Am 26.05.2024 um 07:45 schrieb g s:
Hi Artur
Thanks very much for pointing this out. I did the means by group and
it worked, and, good news, the results seem consistent with SAS and
with other stat software.
Question though.
The results come out like this:
AreaRegion = Australia - Oceania (n = 22):
Mean 1.5576e+006
Is it possible to get the values to come out as exact numbers rather
than something point something + e006?
No. As mentioned in the reference for the 'set' command with respect to
the setting 'display_digits', the number of significant digits in the
context of 'summary' is currently limited to five. I know that piece of
information is not straightforward to find, and I don't think that this
setting can be changed via the menus. (When you're just looking at the
raw values of the variable, then you can modify the number of
significant digits alright, though.)
I guess the background is that for formatting reasons we don't want to
exceed a field width of 11 characters -- 5 digits + 1 decimal separator
+ 2 characters "e+" + 3 digits afterwards.
For example, in the region Australia - Oceania, the mean population is
1,557,590, but I can't tell if gretl is giving that exact result.
In the data set in question, the variable of interest is population,
so the number of digits can be quite large.
Exactly, there can be a lot of digits, so what would you do then? I
don't think there can be a general rule. For example, the mean
population for that region in your dataset is _not_ exactly 1,557,590,
but instead 1557590.272727 from what I'm seeing here. So the software
you were using for comparison apparently was set to report 7 significant
digits and/or to only display the integer part of the number. (It's
obvioulsy quite rare to get an exact integer number when calculating an
average of many numbers.)
The general point is that with more or less continuous variables you
have to make a compromise most of the time.

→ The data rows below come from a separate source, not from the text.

text \<open>A (parallel) sharing graph for S and \<sigma>: a finite nonempty node set N, for each
  binding variable x \<in> sdom \<sigma> a layer multigraph with edge set E x and source/target
  maps src x, tgt x, and a labelling lab of nodes by elements of S.\<close>
definition sharing_graph ::
  "'v multiset set \<Rightarrow> ('v \<Rightarrow> ('f, 'v) trm) \<Rightarrow> nat set \<Rightarrow> ('v \<Rightarrow> nat set)
   \<Rightarrow> ('v \<Rightarrow> nat \<Rightarrow> nat) \<Rightarrow> ('v \<Rightarrow> nat \<Rightarrow> nat) \<Rightarrow> (nat \<Rightarrow> 'v multiset) \<Rightarrow> bool" where
  "sharing_graph S \<sigma> N E src tgt lab \<longleftrightarrow>
     finite N \<and> N \<noteq> {} \<and>
     (\<forall>n\<in>N. lab n \<in> S) \<and>
     (\<forall>x\<in>sdom \<sigma>. finite (E x) \<and> (\<forall>e\<in>E x. src x e \<in> N \<and> tgt x e \<in> N)) \<and>
     (\<forall>n\<in>N. \<forall>x\<in>sdom \<sigma>.
        card {e\<in>E x. src x e = n} = chi (lab n) (Var x :: ('f, 'v) trm) \<and>
        card {e\<in>E x. tgt x e = n} = chi (lab n) (\<sigma> x)) \<and>
     (\<forall>x\<in>sdom \<sigma>. \<forall>y\<in>sdom \<sigma>. x \<noteq> y \<longrightarrow> E x \<inter> E y = {}) \<and>
     (let R = {(src x e, tgt x e) | x e. x \<in> sdom \<sigma> \<and> e \<in> E x}
      in \<forall>n\<in>N. \<forall>m\<in>N. (n, m) \<in> (R \<union> R\<inverse>)\<^sup>*)"

definition mgu_p :: "'v multiset set \<Rightarrow> ('v \<Rightarrow> ('f, 'v) trm) \<Rightarrow> 'v multiset set" where
  "mgu_p S \<sigma> = {(\<Sum>n\<in>N. lab n) | N E src tgt lab. sharing_graph S \<sigma> N E src tgt lab}"

end

theory Submission
  imports Defs "HOL-Library.Nat_Bijection"
begin

text \<open>Let \<open>\<sigma>\<close> be the union of substitutions \<open>\<sigma>1\<close> and \<open>\<theta>\<close> with disjoint domains.
  In a sharing graph for \<open>\<sigma>\<close>, every connected component of the \<open>\<sigma>1\<close>-layers is itself a
  sharing graph for \<open>\<sigma>1\<close>; collapsing each component to one node labelled by the sum of its
  labels leaves a sharing graph for \<open>\<theta>\<close> over \<open>mgu_p S \<sigma>1\<close>, because \<open>chi\<close> is additive.
  Conversely, replace each node of a sharing graph for \<open>\<theta>\<close> over \<open>mgu_p S \<sigma>1\<close> by a
  witnessing sharing graph for \<open>\<sigma>1\<close>; by additivity of \<open>chi\<close> the \<open>\<theta>\<close>-edges at a node can be
  distributed over the nodes of its witness so that all degrees are right, and connectivity is
  inherited from the outer graph and the witnesses.\<close>

lemma chi_empty [simp]: "chi {#} t = 0"
  by (simp add: chi_def)

lemma chi_add: "chi (A + B) t = chi A t + chi B t"
proof -
  have chi_on: "chi M t = (\<Sum>v\<in>set_mset A \<union> set_mset B. count M v * occ v t)"
    if "set_mset M \<subseteq> set_mset A \<union> set_mset B" for M
    unfolding chi_def by (rule sum.mono_neutral_left) (use that in \<open>auto simp: not_in_iff\<close>)
  show ?thesis
    by (simp add: chi_on sum.distrib algebra_simps)
qed

lemma chi_sum: "chi (\<Sum>a\<in>A. f a) t = (\<Sum>a\<in>A. chi (f a) t)"
  by (induction A rule: infinite_finite_induct) (auto simp: chi_add)

lemma card_image_Collect:
  assumes "inj_on f A"
  shows "card {e \<in> f ` A. P e} = card {a \<in> A. P (f a)}"
proof -
  have "{e \<in> f ` A. P e} = f ` {a \<in> A. P (f a)}" by auto
  moreover have "inj_on f {a \<in> A. P (f a)}" using assms by (rule inj_on_subset) auto
  ultimately show ?thesis by (simp add: card_image)
qed

lemma card_Collect_mem_eq_sum_fibres:
  assumes "finite E" "finite A"
  shows "card {e\<in>E. g e \<in> A} = (\<Sum>n\<in>A. card {e\<in>E. g e = n})"
proof -
  have "{e\<in>E. g e \<in> A} = (\<Union>n\<in>A. {e\<in>E. g e = n})" by auto
  also have "card \<dots> = (\<Sum>n\<in>A. card {e\<in>E. g e = n})"
    by (rule card_UN_disjoint) (use assms in auto)
  finally show ?thesis .
qed

lemma exists_map_with_fibre_cards:
  assumes "finite B" "finite A" "card A = (\<Sum>b\<in>B. w b)"
  shows "\<exists>h. h ` A \<subseteq> B \<and> (\<forall>b\<in>B. card {a\<in>A. h a = b} = w b)"
  using assms
proof (induction B arbitrary: A rule: finite_induct)
  case empty
  then show ?case by auto
next
  case (insert b B)
  then have "w b \<le> card A" by simp
  then obtain A0 where A0: "A0 \<subseteq> A" "card A0 = w b"
    by (rule obtain_subset_with_card_n)
  have "card (A - A0) = (\<Sum>b\<in>B. w b)"
    using insert A0 by (simp add: card_Diff_subset finite_subset)
  moreover have "finite (A - A0)" using insert.prems(1) by simp
  ultimately obtain h where h: "h ` (A - A0) \<subseteq> B" "\<forall>c\<in>B. card {a\<in>A - A0. h a = c} = w c"
    using insert.IH by blast
  define h' where "h' a = (if a \<in> A0 then b else h a)" for a
  have "{a\<in>A. h' a = b} = A0" using h A0 insert.hyps(2) by (auto simp: h'_def)
  moreover have "{a\<in>A. h' a = c} = {a\<in>A - A0. h a = c}" if "c \<in> B" for c
    using that insert.hyps(2) by (auto simp: h'_def)
  ultimately show ?case using h A0 by (intro exI[of _ h']) (auto simp: h'_def)
qed

lemma exists_map_into_blocks_with_fibre_cards:
  assumes "finite A" "g ` A \<subseteq> I"
    and "\<And>i. i \<in> I \<Longrightarrow> finite (B i)"
    and "\<And>i. i \<in> I \<Longrightarrow> card {a\<in>A. g a = i} = (\<Sum>b\<in>B i. w b)"
  shows "\<exists>h. (\<forall>a\<in>A. h a \<in> B (g a)) \<and>
    (\<forall>i\<in>I. \<forall>b\<in>B i. card {a\<in>A. g a = i \<and> h a = b} = w b)"
proof -
  have "\<forall>i\<in>I. \<exists>h. h ` {a\<in>A. g a = i} \<subseteq> B i \<and> (\<forall>b\<in>B i. card {a\<in>{a\<in>A. g a = i}. h a = b} = w b)"
    using assms by (intro ballI exists_map_with_fibre_cards) auto
  then obtain H where H: "\<forall>i\<in>I. H i ` {a\<in>A. g a = i} \<subseteq> B i \<and>
      (\<forall>b\<in>B i. card {a\<in>{a\<in>A. g a = i}. H i a = b} = w b)"
    by (rule bchoice[THEN exE])
  have "H (g a) a \<in> B (g a)" if "a \<in> A" for a
    using H assms(2) that by blast
  moreover have "{a\<in>A. g a = i \<and> H (g a) a = b} = {a\<in>{a\<in>A. g a = i}. H i a = b}" for i b
    by auto
  ultimately show ?thesis
    using H by (intro exI[of _ "\<lambda>a. H (g a) a"]) auto
qed

section \<open>Undirected reachability\<close>

lemma rtrancl_Un_converse_sym: "(a, b) \<in> (R \<union> R\<inverse>)\<^sup>* \<Longrightarrow> (b, a) \<in> (R \<union> R\<inverse>)\<^sup>*"
  using sym_rtrancl[OF sym_Un_converse] by (rule symD)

Having said this, I would accept the point that a limitation to five
significant digits could be a problem sometimes.
Actually, another question, the summary statistics gives many
statistics. Is it possible to include sum as one of them? That is, in
addition to mean population by area/region, is it possible to get sum
of population by area/region?
In the console, it's easy, just type:
= aggregate(population, AreaRegion, sum)
I'm not aware of how to do that easily in the menus.
cheers
sven